UndercoverCop · 21/09/2023 22:14

To be honest DS is 4, does swimming and gymnastics and is about to start squirrels (younger than beavers), I've never really asked him! He's always got loads of energy and he's an only so I'm conscious that I have to make an effort for him to socialise with other children, I don't have many friends either with children at all or of a similar age.
Swimming he's been going since he was 12 weeks so it's just something he does, when he started gym I just said to him next week gymnastics starts and we talked about what that would be like and he enjoys it, it's been very good for his co-ordination.

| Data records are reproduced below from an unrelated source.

locale monotone_hazard =
  fixes \<beta> :: "real \<Rightarrow> real" and M :: real and B :: "real \<Rightarrow> real"
  assumes beta_pos: "\<And>a. 0 \<le> a \<Longrightarrow> 0 < \<beta> a"
    and beta_le: "\<And>a. 0 \<le> a \<Longrightarrow> \<beta> a \<le> M"
    and beta_antimono: "\<And>x y. 0 \<le> x \<Longrightarrow> x \<le> y \<Longrightarrow> \<beta> y \<le> \<beta> x"
    and B_eq_integral: "\<And>a. 0 \<le> a \<Longrightarrow> B a = integral {0..a} \<beta>"
begin

definition surv :: "real \<Rightarrow> real"
  where "surv a = exp (- B a)"

lemma M_nonneg: "0 \<le> M"
  using beta_pos[of 0] beta_le[of 0] by simp

lemma beta_integrable:
  assumes "0 \<le> x"
  shows "\<beta> integrable_on {x..y}"
proof -
  have "mono_on {x..y} (\<lambda>t. - \<beta> t)"
    using assms by (auto simp: mono_on_def intro: beta_antimono)
  then have "(\<lambda>t. - (- \<beta> t)) integrable_on {x..y}"
    by (intro integrable_neg integrable_on_mono_on)
  then show ?thesis
    by simp
qed

lemma B_diff:
  assumes "0 \<le> x" "x \<le> y"
  shows "B y - B x = integral {x..y} \<beta>"
  using assms Henstock_Kurzweil_Integration.integral_combine[of 0 x y \<beta>] beta_integrable[of 0 y]
  by (simp add: B_eq_integral)

lemma B_0 [simp]: "B 0 = 0"
  by (simp add: B_eq_integral)

lemma B_mono:
  assumes "0 \<le> x" "x \<le> y"
  shows "B x \<le> B y"
  using assms integral_nonneg[OF beta_integrable[of x y]] beta_pos
  by (fastforce simp: B_diff[OF assms, symmetric] less_imp_le)

lemma B_nonneg: "0 \<le> a \<Longrightarrow> 0 \<le> B a"
  using B_mono[of 0 a] by simp

lemma B_lipschitz: "M-lipschitz_on {0..} B"
proof -
  have "\<bar>B y - B x\<bar> \<le> M * \<bar>y - x\<bar>" if "0 \<le> x" "x \<le> y" for x y
  proof -
    have "integral {x..y} \<beta> \<le> integral {x..y} (\<lambda>_. M)"
      using that by (intro integral_le beta_integrable) (auto intro: beta_le)
    then have "B y - B x \<le> M * (y - x)"
      using that by (simp add: B_diff mult.commute)
    then show ?thesis
      using that B_mono[OF that] by simp
  qed
  then have "\<bar>B y - B x\<bar> \<le> M * \<bar>y - x\<bar>" if "0 \<le> x" "0 \<le> y" for x y
    using that by (cases "x \<le> y") (force simp: abs_minus_commute)+
  then show ?thesis
    by (intro lipschitz_onI M_nonneg) (auto simp: dist_real_def)
qed

lemma surv_lipschitz: "M-lipschitz_on {0..} surv"
proof -
  have exp_lipschitz: "1-lipschitz_on {..0} (exp :: real \<Rightarrow> real)"
  proof (rule lipschitz_onI)
    fix x y :: real assume "x \<in> {..0}" "y \<in> {..0}"
    moreover have "(exp has_field_derivative exp z) (at z within {..0})" for z :: real
      by (rule DERIV_exp[THEN has_field_derivative_at_within])
    moreover have "norm (exp z) \<le> 1" if "z \<in> {..0}" for z :: real
      using that by simp
    ultimately have "norm (exp x - exp y) \<le> 1 * norm (x - y)"
      by (intro field_differentiable_bound[of "{..0}" exp exp]) auto
    then show "dist (exp x) (exp y) \<le> 1 * dist x y"
      by (simp add: dist_norm)
  qed simp
  have "(\<lambda>a. - B a) ` {0..} \<subseteq> {..0}"
    by (simp add: image_subset_iff B_nonneg)
  then have "(1 * M)-lipschitz_on {0..} (\<lambda>a. exp (- B a))"
    using lipschitz_on_compose2[OF lipschitz_on_minus[OF B_lipschitz]
        lipschitz_on_subset[OF exp_lipschitz]]
    by blast
  then show ?thesis
    by (simp only: mult_1 surv_def[abs_def])
qed

lemma continuous_on_surv: "continuous_on {0..} surv"
  using surv_lipschitz by (rule lipschitz_on_continuous_on)

lemma surv_pos: "0 < surv a"
  by (simp add: surv_def)

lemma surv_le_1: "0 \<le> a \<Longrightarrow> surv a \<le> 1"
  by (simp add: surv_def B_nonneg)

lemma surv_0 [simp]: "surv 0 = 1"
  by (simp add: surv_def)

lemma B_has_derivative:
  assumes "0 \<le> y" and "continuous (at y within {0..}) \<beta>"
  shows "(B has_real_derivative \<beta> y) (at y within {0..})"
proof -
  have at_eq: "at y within {0..} = at y within {0..y+1}"
    by (rule at_within_nhd[of _ "{..<y+1}"]) auto
  have "((\<lambda>u. integral {0..u} \<beta>) has_vector_derivative \<beta> y) (at y within {0..y+1} - {})"
    using assms at_eq by (intro integral_has_vector_derivative_continuous_at beta_integrable) auto
  then have "((\<lambda>u. integral {0..u} \<beta>) has_real_derivative \<beta> y) (at y within {0..y+1})"
    by (simp add: has_real_derivative_iff_has_vector_derivative)
  then have "(B has_real_derivative \<beta> y) (at y within {0..y+1})"
    by (rule has_field_derivative_transform_within[where d=1]) (use assms B_eq_integral in auto)
  then show ?thesis
    using at_eq by simp
qed

lemma surv_has_derivative:
  assumes "0 \<le> y" and "continuous (at y within {0..}) \<beta>"
  shows "(surv has_real_derivative - \<beta> y * surv y) (at y within {0..})"
  unfolding surv_def[abs_def] using B_has_derivative[OF assms]
  by (auto intro!: derivative_eq_intros)

lemma surv_comp_has_derivative:
  assumes "(g has_real_derivative g') (at x within S)" and "g ` S \<subseteq> {0..}" "0 \<le> g x"
    and "continuous (at (g x) within {0..}) \<beta>"
  shows "((\<lambda>x. surv (g x)) has_real_derivative - \<beta> (g x) * surv (g x) * g') (at x within S)"
  using DERIV_image_chain[OF has_field_derivative_subset[OF surv_has_derivative] assms(1)] assms
  by (simp add: o_def)

lemma surv_exp_scaled_has_derivative:
  assumes "0 \<le> b" "continuous (at (exp \<tau> * b) within {0..}) \<beta>"
  shows "((\<lambda>t. surv (exp t * b)) has_real_derivative
      - \<beta> (exp \<tau> * b) * surv (exp \<tau> * b) * (exp \<tau> * b)) (at \<tau> within S)"
  using assms
  by (intro surv_comp_has_derivative) (auto simp: image_subset_iff mult.commute intro!: derivative_eq_intros)

lemma countable_discontinuities_beta: "countable {y \<in> {0<..}. \<not> isCont \<beta> y}"
proof -
  have "mono_on {0<..} (\<lambda>t. - \<beta> t)"
    by (auto simp: mono_on_def intro: beta_antimono)
  then have "countable {y \<in> {0<..}. \<not> isCont (\<lambda>t. - \<beta> t) y}"
    by (intro mono_on_ctble_discont_open) auto
  then show ?thesis
    by (rule countable_subset[rotated]) (auto dest: continuous_minus)
qed

lemma beta_scaled_measurable:
  assumes "0 \<le> c"
  shows "(\<lambda>b. \<beta> (c * b)) \<in> borel_measurable (lebesgue_on {0..1})"
proof -
  have "mono_on {0..1} (\<lambda>b. - \<beta> (c * b))"
    using assms by (auto simp: mono_on_def intro: beta_antimono mult_left_mono)
  then have "(\<lambda>b. - (- \<beta> (c * b))) integrable_on {0..1}"
    by (intro integrable_neg integrable_on_mono_on)
  then show ?thesis
    by (simp add: integrable_imp_measurable)
qed

lemma surv_scaled_measurable:
  assumes "0 \<le> c"
  shows "(\<lambda>b. surv (c * b)) \<in> borel_measurable (lebesgue_on {0..1})"
proof -
  have "continuous_on {0..1} (\<lambda>b. surv (c * b))"
    using assms by (intro continuous_on_compose2[OF continuous_on_surv] continuous_intros) auto
  then show ?thesis
    by (intro continuous_imp_measurable_on_sets_lebesgue) auto
qed

lemma surv_scaled_integrable:
  assumes "0 \<le> c" "a > -1"
  shows "(\<lambda>b. surv (c * b) * (1 - b) powr a) integrable_on {0..1}"
  using assms surv_pos surv_le_1
  by (intro integrable_bounded_measurable_mult_one_minus_powr[where K=1] surv_scaled_measurable)
     (auto simp: less_imp_le)

lemma hazard_surv_integrable:
  assumes "0 \<le> c" "a > -1"
    and "f \<in> borel_measurable (lebesgue_on {0..1})" "\<And>b. b \<in> {0..1} \<Longrightarrow> \<bar>f b\<bar> \<le> K"
  shows "(\<lambda>b. c * \<beta> (c * b) * surv (c * b) * f b * (1 - b) powr a) integrable_on {0..1}"
proof (rule integrable_bounded_measurable_mult_one_minus_powr[where K = "c * M * K"])
  show "(\<lambda>b. c * \<beta> (c * b) * surv (c * b) * f b) \<in> borel_measurable (lebesgue_on {0..1})"
    using beta_scaled_measurable surv_scaled_measurable assms by measurable
  fix b :: real assume b: "b \<in> {0..1}"
  have "0 \<le> c * b"
    using assms b by simp
  then have "\<beta> (c * b) * surv (c * b) * \<bar>f b\<bar> \<le> M * 1 * K"
    using beta_pos beta_le surv_pos surv_le_1 assms(4)[OF b] M_nonneg
    by (intro mult_mono) (auto simp: less_imp_le)
  then show "\<bar>c * \<beta> (c * b) * surv (c * b) * f b\<bar> \<le> c * M * K"
    using assms \<open>0 \<le> c * b\<close> beta_pos surv_pos
    by (simp add: abs_mult less_imp_le mult.assoc mult_left_mono)
qed (use assms in auto)

lemma isCont_beta_scaled:
  assumes "0 < c" "0 < x" "x \<notin> (\<lambda>y. y / c) ` {y \<in> {0<..}. \<not> isCont \<beta> y}"
  shows "isCont \<beta> (c * x)"
proof -
  have "(\<lambda>y. y / c) (c * x) = x"
    using assms(1) by simp
  then show ?thesis
    using assms imageI[of "c * x" "{y \<in> {0<..}. \<not> isCont \<beta> y}" "\<lambda>y. y / c"] by auto
qed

Squirrels doesn't start until November as it's a new drey starting up, he doesn't even know yet.
He was used to actovities as they had external coaches/teachers coming into nursery for football, dance, Spanish and they had forest school every afternoon.
But maybe I should've asked him, I just didn't think 🤦‍♂️

Zola1 · 21/09/2023 22:16

As other posters have said, with swimming it might need to just be an approach of 'we are going to go and start swimming lessons'. Otherwise don't stress. Mine didn't really get into activities until about 6/7 and now she's barely home because she's always dancing or trampolining or playing netball 🫠

newlystyle · 21/09/2023 22:17

swimminglessonadvice · 21/09/2023 21:08

You could start swimming, no point asking the child you just take them.

This. I don't think this is young at all. Most of my dc class mates including him have been doing activities at this age. Why do you ask her? Off course she isn't going to know what the activity actually means. Start swimming maybe as it's actually something she needs to do.